-- RECORD EXTRACTS follows --

(* Let $K$ be a multiplicative Lie algebra and $p:K\to K/\mathcal Z(K)$ the natural projection, $p'=p|_{{}^M[K,K]}$. Then there exists a homomorphism $\Delta:\tilde M(K/\mathcal Z(K))\to{}^M[K,K]$ such that the sequence $$1\to\ker\Delta\to\tilde M(K/\mathcal Z(K))\xrightarrow{\Delta}{}^M[K,K]\xrightarrow{p'}{}^M\big[K/\mathcal Z(K),K/\mathcal Z(K)\big]\to1$$ is exact.
   Context: A multiplicative Lie algebra is a group $(G,\cdot)$ with a binary operation $\star$ such that for all $x,y,z\in G$: $x\star x=1$; $x\star(yz)=(x\star y)\,{}^y(x\star z)$; $(xy)\star z={}^x(y\star z)(x\star z)$; $((x\star y)\star{}^yz)((y\star z)\star{}^zx)((z\star x)\star{}^xy)=1$; ${}^z(x\star y)={}^zx\star{}^zy$, where ${}^xy=xyx^{-1}$. $Z(G)$ is the group center, $LZ(G)=\{x: x\star y=1\ \forall y\}$, $\mathcal Z(G)=LZ(G)\cap Z(G)$; $[x,y]$ is the group commutator. For ideals $A,B$ of $G$, ${}^M[A,B]=(A\star B)[A,B]$, where $A\star B$ is generated by all $a\star b$ ($a\in A,b\in B$); in particular ${}^M[G,G]=(G\star G)[G,G]$. The Schur multiplier of a multiplicative Lie algebra $Q$ is $\tilde M(Q)=({}^M[F,F]\cap R)/{}^M[R,F]$ for any free presentation $1\to R\to F\to Q\to1$ ($F$ a free multiplicative Lie algebra); it is independent of the presentation up to isomorphism. *)

theory Defs
  imports "HOL-Algebra.Algebra"
begin

record 'a mul_lie = "'a monoid" +
  lstar :: "'a \<Rightarrow> 'a \<Rightarrow> 'a"

definition conjg :: "'a mul_lie \<Rightarrow> 'a \<Rightarrow> 'a \<Rightarrow> 'a" where
  "conjg G x y = x \<otimes>\<^bsub>G\<^esub> y \<otimes>\<^bsub>G\<^esub> inv\<^bsub>G\<^esub> x"

definition gcomm :: "'a mul_lie \<Rightarrow> 'a \<Rightarrow> 'a \<Rightarrow> 'a" where
  "gcomm G x y = x \<otimes>\<^bsub>G\<^esub> y \<otimes>\<^bsub>G\<^esub> inv\<^bsub>G\<^esub> x \<otimes>\<^bsub>G\<^esub> inv\<^bsub>G\<^esub> y"

definition mult_lie_alg :: "'a mul_lie \<Rightarrow> bool" where
  "mult_lie_alg G \<longleftrightarrow> group G \<and>
    (\<forall>x\<in>carrier G. \<forall>y\<in>carrier G. lstar G x y \<in> carrier G) \<and>
    (\<forall>x\<in>carrier G. lstar G x x = \<one>\<^bsub>G\<^esub>) \<and>
    (\<forall>x\<in>carrier G. \<forall>y\<in>carrier G. \<forall>z\<in>carrier G.
       lstar G x (y \<otimes>\<^bsub>G\<^esub> z) = lstar G x y \<otimes>\<^bsub>G\<^esub> conjg G y (lstar G x z)) \<and>
    (\<forall>x\<in>carrier G. \<forall>y\<in>carrier G. \<forall>z\<in>carrier G.
       lstar G (x \<otimes>\<^bsub>G\<^esub> y) z = conjg G x (lstar G y z) \<otimes>\<^bsub>G\<^esub> lstar G x z) \<and>
    (\<forall>x\<in>carrier G. \<forall>y\<in>carrier G. \<forall>z\<in>carrier G.
       lstar G (lstar G x y) (conjg G y z) \<otimes>\<^bsub>G\<^esub> lstar G (lstar G y z) (conjg G z x)
         \<otimes>\<^bsub>G\<^esub> lstar G (lstar G z x) (conjg G x y) = \<one>\<^bsub>G\<^esub>) \<and>
    (\<forall>x\<in>carrier G. \<forall>y\<in>carrier G. \<forall>z\<in>carrier G.
       conjg G z (lstar G x y) = lstar G (conjg G z x) (conjg G z y))"

text \<open>Group centre Z(G), Lie centre LZ(G), and their intersection (the paper's calligraphic Z).\<close>
definition grp_center :: "'a mul_lie \<Rightarrow> 'a set" where
  "grp_center G = {x \<in> carrier G. \<forall>y\<in>carrier G. x \<otimes>\<^bsub>G\<^esub> y = y \<otimes>\<^bsub>G\<^esub> x}"

definition lie_center :: "'a mul_lie \<Rightarrow> 'a set" where
  "lie_center G = {x \<in> carrier G. \<forall>y\<in>carrier G. lstar G x y = \<one>\<^bsub>G\<^esub>}"

definition mla_center :: "'a mul_lie \<Rightarrow> 'a set" where
  "mla_center G = lie_center G \<inter> grp_center G"
lemma W_point_in_south_face:
  assumes g: "g \<in> topspace (geom W)" and "supp g \<subseteq> south_face \<rho>"
  defines "t \<equiv> g south_pole"
  shows "0 \<le> t" "t \<le> 1" "susp_mass g = 1 - t"
    and "supp (Phi (Psi g)) \<subseteq> (if w_del t = 0 then {} else Inl ` \<rho>) \<union> (if w_apex t = 0 then {} else {Inl u})
      \<union> (if w_susp t = 0 then {} else susp_vertex ` \<rho>) \<union> (if w_south t = 0 then {} else {south_pole})"
    and "supp (contract_north g) \<subseteq> (if w_north t = 0 then {} else {Inl u})
      \<union> (if w_susp t = 0 then {} else susp_vertex ` \<rho>) \<union> (if w_south t = 0 then {} else {south_pole})"
    and "supp (project_from_south g) \<subseteq> susp_vertex ` \<rho> \<union> (if w_south t = 0 then {} else {south_pole})"
proof -
  have Inl: "g (Inl a) = 0" for a using assms(2) unfolding south_face_def by blast
  have susp: "a \<notin> \<rho> \<Longrightarrow> g (susp_vertex a) = 0" for a using assms(2) unfolding south_face_def by blast
  show mass: "susp_mass g = 1 - t" using W_point(5)[OF g] Inl by (simp add: susp_mass_def t_def)
  show "0 \<le> t" using W_point(1)[OF g] by (simp add: t_def)
  have "0 \<le> susp_mass g" unfolding susp_mass_def using W_point(1)[OF g] by (simp add: sum_nonneg)
  then show "t \<le> 1" using mass by simp
  have "Psi g v = t" using W_point(3,4)[OF g] by (simp add: Psi_def t_def)
  moreover have "a \<in> \<rho>" if "Psi g a \<noteq> 0" "a \<noteq> v" for a
    using that Inl susp[of a] by (cases "a \<in> \<rho>") (auto simp: Psi_def)
  ultimately show "supp (Phi (Psi g)) \<subseteq> (if w_del t = 0 then {} else Inl ` \<rho>) \<union> (if w_apex t = 0 then {} else {Inl u})
      \<union> (if w_susp t = 0 then {} else susp_vertex ` \<rho>) \<union> (if w_south t = 0 then {} else {south_pole})"
    using Phi_nonzeroD[of "Psi g"] by (auto split: if_splits) blast+
  show "supp (contract_north g) \<subseteq> (if w_north t = 0 then {} else {Inl u})
      \<union> (if w_susp t = 0 then {} else susp_vertex ` \<rho>) \<union> (if w_south t = 0 then {} else {south_pole})"
  proof
    fix z assume "z \<in> supp (contract_north g)"
    then show "z \<in> (if w_north t = 0 then {} else {Inl u})
      \<union> (if w_susp t = 0 then {} else susp_vertex ` \<rho>) \<union> (if w_south t = 0 then {} else {south_pole})"
      using mass Inl susp by (cases z rule: sum3_cases) (auto simp: t_def split: if_splits)
  qed
  show "supp (project_from_south g) \<subseteq> susp_vertex ` \<rho> \<union> (if w_south t = 0 then {} else {south_pole})"
  proof
    fix z assume "z \<in> supp (project_from_south g)"
    then show "z \<in> susp_vertex ` \<rho> \<union> (if w_south t = 0 then {} else {south_pole})"
      using Inl susp by (cases z rule: sum3_cases) (auto simp: t_def split: if_splits)
  qed
qed

lemma susp_mass_nonneg: "g \<in> topspace (geom W) \<Longrightarrow> 0 \<le> susp_mass g"
  unfolding susp_mass_def using W_point(1) by (simp add: sum_nonneg)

-- RECORD EXTRACTS concluded --

■ ASSIGNED TASK:
For the data above, state only how many lines include the word "conjg".

■ EXPECTED ANSWER:
7